- **DATASET EXTRACT**:
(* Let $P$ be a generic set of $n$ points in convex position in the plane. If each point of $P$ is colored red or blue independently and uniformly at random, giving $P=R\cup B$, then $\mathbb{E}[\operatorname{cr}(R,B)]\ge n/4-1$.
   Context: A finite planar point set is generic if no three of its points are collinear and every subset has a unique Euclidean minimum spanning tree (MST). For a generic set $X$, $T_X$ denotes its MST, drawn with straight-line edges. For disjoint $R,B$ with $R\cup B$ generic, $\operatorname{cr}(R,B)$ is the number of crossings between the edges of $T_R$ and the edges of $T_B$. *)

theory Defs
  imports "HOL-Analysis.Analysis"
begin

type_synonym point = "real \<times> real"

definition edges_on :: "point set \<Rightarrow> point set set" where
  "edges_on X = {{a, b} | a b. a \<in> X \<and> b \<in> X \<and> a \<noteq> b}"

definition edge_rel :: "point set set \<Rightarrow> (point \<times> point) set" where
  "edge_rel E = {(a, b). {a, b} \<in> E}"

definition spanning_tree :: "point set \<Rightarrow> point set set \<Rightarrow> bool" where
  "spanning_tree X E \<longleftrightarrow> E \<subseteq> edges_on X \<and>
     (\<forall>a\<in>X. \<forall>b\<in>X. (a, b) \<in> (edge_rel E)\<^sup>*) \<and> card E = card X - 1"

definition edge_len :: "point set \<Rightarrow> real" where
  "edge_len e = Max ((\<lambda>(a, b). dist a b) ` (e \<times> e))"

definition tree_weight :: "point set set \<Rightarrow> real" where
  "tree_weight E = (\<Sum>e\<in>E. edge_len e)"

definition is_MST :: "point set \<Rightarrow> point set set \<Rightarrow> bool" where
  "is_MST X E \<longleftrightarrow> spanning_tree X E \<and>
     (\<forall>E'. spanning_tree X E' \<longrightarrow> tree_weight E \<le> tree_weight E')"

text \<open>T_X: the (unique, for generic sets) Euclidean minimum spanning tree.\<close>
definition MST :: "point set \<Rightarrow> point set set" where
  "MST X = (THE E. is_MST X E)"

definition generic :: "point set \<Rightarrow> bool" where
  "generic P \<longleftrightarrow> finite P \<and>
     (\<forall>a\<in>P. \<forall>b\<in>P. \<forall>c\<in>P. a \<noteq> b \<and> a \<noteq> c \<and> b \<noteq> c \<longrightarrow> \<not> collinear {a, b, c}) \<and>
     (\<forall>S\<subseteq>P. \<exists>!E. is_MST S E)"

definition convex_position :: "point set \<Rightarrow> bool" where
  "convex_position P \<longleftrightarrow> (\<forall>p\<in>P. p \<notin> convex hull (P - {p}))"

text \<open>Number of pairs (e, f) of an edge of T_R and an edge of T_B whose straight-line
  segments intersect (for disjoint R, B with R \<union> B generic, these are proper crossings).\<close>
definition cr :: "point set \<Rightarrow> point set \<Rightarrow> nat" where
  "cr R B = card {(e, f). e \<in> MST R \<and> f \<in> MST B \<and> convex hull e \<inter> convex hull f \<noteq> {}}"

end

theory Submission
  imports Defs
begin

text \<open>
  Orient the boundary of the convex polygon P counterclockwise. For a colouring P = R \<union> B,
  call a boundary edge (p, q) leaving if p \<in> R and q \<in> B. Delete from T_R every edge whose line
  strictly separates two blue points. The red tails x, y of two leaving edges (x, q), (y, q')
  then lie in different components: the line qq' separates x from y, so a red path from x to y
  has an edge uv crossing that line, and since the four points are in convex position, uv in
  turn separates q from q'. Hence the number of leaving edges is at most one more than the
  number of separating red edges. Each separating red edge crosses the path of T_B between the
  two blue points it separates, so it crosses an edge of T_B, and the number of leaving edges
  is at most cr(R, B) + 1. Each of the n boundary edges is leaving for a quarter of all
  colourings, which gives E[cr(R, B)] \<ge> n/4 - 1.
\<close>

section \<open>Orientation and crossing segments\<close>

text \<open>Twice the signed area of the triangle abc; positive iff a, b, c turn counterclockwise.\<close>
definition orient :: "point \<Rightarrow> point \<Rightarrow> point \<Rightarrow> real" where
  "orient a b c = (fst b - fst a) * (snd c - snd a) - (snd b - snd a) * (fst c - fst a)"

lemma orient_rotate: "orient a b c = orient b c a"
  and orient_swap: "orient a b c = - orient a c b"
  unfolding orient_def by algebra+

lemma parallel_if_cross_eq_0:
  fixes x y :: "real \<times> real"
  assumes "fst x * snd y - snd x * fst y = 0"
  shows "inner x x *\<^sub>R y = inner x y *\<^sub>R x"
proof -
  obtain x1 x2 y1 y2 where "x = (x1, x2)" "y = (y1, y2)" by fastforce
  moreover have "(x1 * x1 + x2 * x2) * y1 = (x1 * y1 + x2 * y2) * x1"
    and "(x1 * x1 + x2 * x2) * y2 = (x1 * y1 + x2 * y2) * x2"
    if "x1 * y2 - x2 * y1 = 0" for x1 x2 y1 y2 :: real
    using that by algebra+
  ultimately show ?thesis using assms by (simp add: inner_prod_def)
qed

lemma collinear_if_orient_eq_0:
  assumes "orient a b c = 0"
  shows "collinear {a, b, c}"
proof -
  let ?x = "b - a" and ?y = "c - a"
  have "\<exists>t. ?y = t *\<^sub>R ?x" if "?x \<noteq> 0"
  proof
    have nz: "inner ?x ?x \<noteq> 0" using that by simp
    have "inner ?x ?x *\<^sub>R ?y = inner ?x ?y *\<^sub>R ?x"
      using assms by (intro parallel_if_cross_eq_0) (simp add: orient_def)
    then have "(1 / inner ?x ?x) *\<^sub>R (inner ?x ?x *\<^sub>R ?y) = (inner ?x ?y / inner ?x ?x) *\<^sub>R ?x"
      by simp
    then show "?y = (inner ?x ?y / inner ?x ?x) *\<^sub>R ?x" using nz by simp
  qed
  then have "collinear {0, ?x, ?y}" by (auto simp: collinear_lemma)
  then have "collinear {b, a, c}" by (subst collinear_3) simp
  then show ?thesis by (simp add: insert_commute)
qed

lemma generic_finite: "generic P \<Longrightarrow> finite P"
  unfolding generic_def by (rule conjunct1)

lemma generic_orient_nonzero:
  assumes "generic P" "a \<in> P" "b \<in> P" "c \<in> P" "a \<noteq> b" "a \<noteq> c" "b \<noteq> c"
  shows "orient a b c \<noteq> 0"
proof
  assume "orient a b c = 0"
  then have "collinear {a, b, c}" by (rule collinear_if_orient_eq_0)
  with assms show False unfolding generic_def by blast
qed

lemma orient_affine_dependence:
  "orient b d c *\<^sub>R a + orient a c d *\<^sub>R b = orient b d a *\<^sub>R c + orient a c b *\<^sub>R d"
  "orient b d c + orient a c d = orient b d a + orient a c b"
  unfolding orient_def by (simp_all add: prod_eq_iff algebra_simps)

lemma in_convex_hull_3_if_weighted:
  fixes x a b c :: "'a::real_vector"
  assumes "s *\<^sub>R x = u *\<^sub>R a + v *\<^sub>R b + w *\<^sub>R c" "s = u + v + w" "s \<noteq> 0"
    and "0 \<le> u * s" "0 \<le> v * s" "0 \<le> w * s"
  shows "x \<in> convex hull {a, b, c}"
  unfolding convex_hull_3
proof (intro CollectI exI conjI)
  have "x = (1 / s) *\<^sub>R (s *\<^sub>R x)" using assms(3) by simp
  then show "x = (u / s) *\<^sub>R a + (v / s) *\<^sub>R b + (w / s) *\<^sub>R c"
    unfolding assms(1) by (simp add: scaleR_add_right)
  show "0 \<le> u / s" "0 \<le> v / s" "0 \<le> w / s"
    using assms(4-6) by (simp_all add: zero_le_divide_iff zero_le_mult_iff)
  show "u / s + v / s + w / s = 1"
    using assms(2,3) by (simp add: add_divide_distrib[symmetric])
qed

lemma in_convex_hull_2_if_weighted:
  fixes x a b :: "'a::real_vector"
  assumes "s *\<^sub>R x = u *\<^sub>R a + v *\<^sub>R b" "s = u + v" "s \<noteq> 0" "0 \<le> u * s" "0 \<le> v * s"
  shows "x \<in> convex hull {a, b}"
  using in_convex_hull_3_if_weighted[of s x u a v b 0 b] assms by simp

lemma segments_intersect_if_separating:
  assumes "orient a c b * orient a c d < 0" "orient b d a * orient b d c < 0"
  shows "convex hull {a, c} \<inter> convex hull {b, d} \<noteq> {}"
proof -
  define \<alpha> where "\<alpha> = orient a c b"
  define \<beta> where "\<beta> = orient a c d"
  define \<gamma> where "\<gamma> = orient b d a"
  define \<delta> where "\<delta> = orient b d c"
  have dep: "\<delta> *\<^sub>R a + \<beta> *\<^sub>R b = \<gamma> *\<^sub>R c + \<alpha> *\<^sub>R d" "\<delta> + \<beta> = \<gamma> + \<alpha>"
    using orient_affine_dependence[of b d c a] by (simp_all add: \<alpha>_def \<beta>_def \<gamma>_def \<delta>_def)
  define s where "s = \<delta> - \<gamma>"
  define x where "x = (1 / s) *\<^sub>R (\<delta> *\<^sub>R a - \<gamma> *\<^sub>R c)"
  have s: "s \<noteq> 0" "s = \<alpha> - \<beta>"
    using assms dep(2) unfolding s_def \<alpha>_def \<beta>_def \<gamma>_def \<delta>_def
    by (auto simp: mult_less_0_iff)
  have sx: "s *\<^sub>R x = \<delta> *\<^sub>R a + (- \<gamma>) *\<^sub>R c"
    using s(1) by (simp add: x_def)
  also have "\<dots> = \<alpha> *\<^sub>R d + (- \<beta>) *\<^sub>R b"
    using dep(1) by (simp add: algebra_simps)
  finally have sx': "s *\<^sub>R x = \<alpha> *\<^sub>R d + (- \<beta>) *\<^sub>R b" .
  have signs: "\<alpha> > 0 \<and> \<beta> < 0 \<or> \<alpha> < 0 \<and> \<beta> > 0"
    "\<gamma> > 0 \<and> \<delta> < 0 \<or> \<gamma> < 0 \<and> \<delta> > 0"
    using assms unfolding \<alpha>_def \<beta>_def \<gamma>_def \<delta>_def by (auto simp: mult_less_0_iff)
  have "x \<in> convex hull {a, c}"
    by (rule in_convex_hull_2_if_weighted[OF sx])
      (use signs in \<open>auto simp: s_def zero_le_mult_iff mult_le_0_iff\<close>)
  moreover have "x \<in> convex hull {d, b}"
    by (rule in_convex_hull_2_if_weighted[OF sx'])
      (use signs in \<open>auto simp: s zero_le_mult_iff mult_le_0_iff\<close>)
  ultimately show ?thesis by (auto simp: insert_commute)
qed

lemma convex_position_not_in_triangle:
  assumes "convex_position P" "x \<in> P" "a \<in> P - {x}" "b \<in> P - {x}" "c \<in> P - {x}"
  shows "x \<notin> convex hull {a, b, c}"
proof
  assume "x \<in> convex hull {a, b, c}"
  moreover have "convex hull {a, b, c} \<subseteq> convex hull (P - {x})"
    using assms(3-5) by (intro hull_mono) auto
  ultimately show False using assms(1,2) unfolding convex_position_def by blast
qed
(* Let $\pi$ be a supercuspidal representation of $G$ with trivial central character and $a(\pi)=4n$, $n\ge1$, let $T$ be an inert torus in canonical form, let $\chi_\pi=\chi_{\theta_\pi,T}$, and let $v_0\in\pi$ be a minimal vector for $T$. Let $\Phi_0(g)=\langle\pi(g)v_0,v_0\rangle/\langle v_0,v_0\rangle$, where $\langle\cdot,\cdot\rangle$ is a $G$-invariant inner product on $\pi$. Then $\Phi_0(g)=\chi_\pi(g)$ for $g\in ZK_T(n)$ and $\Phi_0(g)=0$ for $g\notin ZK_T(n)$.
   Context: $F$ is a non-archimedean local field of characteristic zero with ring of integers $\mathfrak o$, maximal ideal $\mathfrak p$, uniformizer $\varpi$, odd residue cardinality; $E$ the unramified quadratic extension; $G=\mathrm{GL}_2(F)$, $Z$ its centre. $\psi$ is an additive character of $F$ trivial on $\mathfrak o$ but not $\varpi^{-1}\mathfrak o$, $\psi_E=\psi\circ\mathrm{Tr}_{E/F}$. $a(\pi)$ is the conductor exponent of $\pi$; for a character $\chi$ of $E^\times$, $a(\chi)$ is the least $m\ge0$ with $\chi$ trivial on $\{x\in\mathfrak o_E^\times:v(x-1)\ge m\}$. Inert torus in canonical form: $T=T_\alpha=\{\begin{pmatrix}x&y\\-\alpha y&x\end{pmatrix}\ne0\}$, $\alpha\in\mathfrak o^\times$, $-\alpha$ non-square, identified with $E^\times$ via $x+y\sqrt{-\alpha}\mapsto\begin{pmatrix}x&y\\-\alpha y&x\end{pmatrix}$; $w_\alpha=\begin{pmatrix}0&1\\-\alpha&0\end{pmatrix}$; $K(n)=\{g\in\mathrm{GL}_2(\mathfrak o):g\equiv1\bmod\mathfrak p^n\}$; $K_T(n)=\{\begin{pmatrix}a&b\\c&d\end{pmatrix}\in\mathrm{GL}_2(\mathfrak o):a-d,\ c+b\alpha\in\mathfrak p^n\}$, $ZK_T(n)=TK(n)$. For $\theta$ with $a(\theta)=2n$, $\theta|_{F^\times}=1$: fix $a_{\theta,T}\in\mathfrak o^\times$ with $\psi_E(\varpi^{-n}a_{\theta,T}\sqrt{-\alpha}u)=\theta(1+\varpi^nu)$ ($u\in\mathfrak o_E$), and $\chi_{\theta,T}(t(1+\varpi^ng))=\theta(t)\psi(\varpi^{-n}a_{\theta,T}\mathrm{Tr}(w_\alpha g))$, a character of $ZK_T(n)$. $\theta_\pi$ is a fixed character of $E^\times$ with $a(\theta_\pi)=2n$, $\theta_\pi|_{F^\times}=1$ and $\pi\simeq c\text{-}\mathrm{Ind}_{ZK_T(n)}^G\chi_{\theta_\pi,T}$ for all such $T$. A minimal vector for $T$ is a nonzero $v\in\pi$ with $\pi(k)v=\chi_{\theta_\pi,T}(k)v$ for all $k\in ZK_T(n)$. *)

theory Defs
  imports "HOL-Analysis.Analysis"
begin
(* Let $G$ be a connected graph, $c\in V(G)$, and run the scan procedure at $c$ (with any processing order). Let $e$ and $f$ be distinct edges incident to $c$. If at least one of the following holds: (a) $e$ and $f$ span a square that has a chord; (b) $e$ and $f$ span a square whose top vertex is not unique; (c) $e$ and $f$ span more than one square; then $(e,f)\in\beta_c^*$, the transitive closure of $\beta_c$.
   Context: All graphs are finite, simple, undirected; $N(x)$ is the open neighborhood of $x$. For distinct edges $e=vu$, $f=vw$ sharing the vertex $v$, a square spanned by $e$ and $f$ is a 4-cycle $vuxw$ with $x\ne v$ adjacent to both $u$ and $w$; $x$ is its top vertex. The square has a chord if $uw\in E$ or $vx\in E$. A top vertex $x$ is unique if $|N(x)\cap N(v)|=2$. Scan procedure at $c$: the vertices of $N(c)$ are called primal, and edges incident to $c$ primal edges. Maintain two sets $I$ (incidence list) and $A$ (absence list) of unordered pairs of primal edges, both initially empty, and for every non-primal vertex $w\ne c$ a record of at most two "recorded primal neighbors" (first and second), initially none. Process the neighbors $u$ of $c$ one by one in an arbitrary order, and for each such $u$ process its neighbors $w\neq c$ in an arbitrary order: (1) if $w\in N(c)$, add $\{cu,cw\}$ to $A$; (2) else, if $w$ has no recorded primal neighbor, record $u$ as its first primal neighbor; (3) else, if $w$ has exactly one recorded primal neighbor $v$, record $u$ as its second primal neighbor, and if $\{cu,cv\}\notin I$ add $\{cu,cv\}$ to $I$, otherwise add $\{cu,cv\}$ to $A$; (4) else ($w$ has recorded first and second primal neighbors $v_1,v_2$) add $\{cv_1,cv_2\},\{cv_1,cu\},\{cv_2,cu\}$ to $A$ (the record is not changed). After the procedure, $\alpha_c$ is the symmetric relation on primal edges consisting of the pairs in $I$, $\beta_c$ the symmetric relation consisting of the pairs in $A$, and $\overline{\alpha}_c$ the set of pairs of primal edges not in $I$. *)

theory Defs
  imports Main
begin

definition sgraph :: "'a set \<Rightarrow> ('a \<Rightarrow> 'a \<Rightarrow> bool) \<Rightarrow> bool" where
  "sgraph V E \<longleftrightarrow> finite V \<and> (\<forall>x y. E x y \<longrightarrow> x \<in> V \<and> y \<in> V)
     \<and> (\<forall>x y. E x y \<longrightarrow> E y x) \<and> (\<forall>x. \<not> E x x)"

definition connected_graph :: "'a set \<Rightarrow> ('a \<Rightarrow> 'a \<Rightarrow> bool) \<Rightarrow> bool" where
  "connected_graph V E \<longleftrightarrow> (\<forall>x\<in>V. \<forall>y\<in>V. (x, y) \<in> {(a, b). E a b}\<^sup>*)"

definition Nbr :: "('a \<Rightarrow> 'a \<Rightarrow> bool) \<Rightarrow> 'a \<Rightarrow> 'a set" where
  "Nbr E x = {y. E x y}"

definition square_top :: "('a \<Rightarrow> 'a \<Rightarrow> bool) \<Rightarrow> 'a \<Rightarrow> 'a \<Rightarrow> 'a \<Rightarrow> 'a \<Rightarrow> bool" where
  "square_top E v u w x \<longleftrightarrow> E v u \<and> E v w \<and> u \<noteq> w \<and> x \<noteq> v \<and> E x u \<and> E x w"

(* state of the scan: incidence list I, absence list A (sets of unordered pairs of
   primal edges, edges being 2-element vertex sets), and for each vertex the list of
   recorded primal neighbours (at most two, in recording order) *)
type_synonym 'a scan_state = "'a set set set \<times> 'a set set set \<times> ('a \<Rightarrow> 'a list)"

- **TASK DESCRIPTION**: Only the lines above starting at the line that holds "x = \<delta>" and ending at the line that holds "using dep(1) by (simp add: algebra_simps)" are to be repeated, exactly and in full.

- **FINAL ANSWER**:
  have sx: "s *\<^sub>R x = \<delta> *\<^sub>R a + (- \<gamma>) *\<^sub>R c"
    using s(1) by (simp add: x_def)
  also have "\<dots> = \<alpha> *\<^sub>R d + (- \<beta>) *\<^sub>R b"
    using dep(1) by (simp add: algebra_simps)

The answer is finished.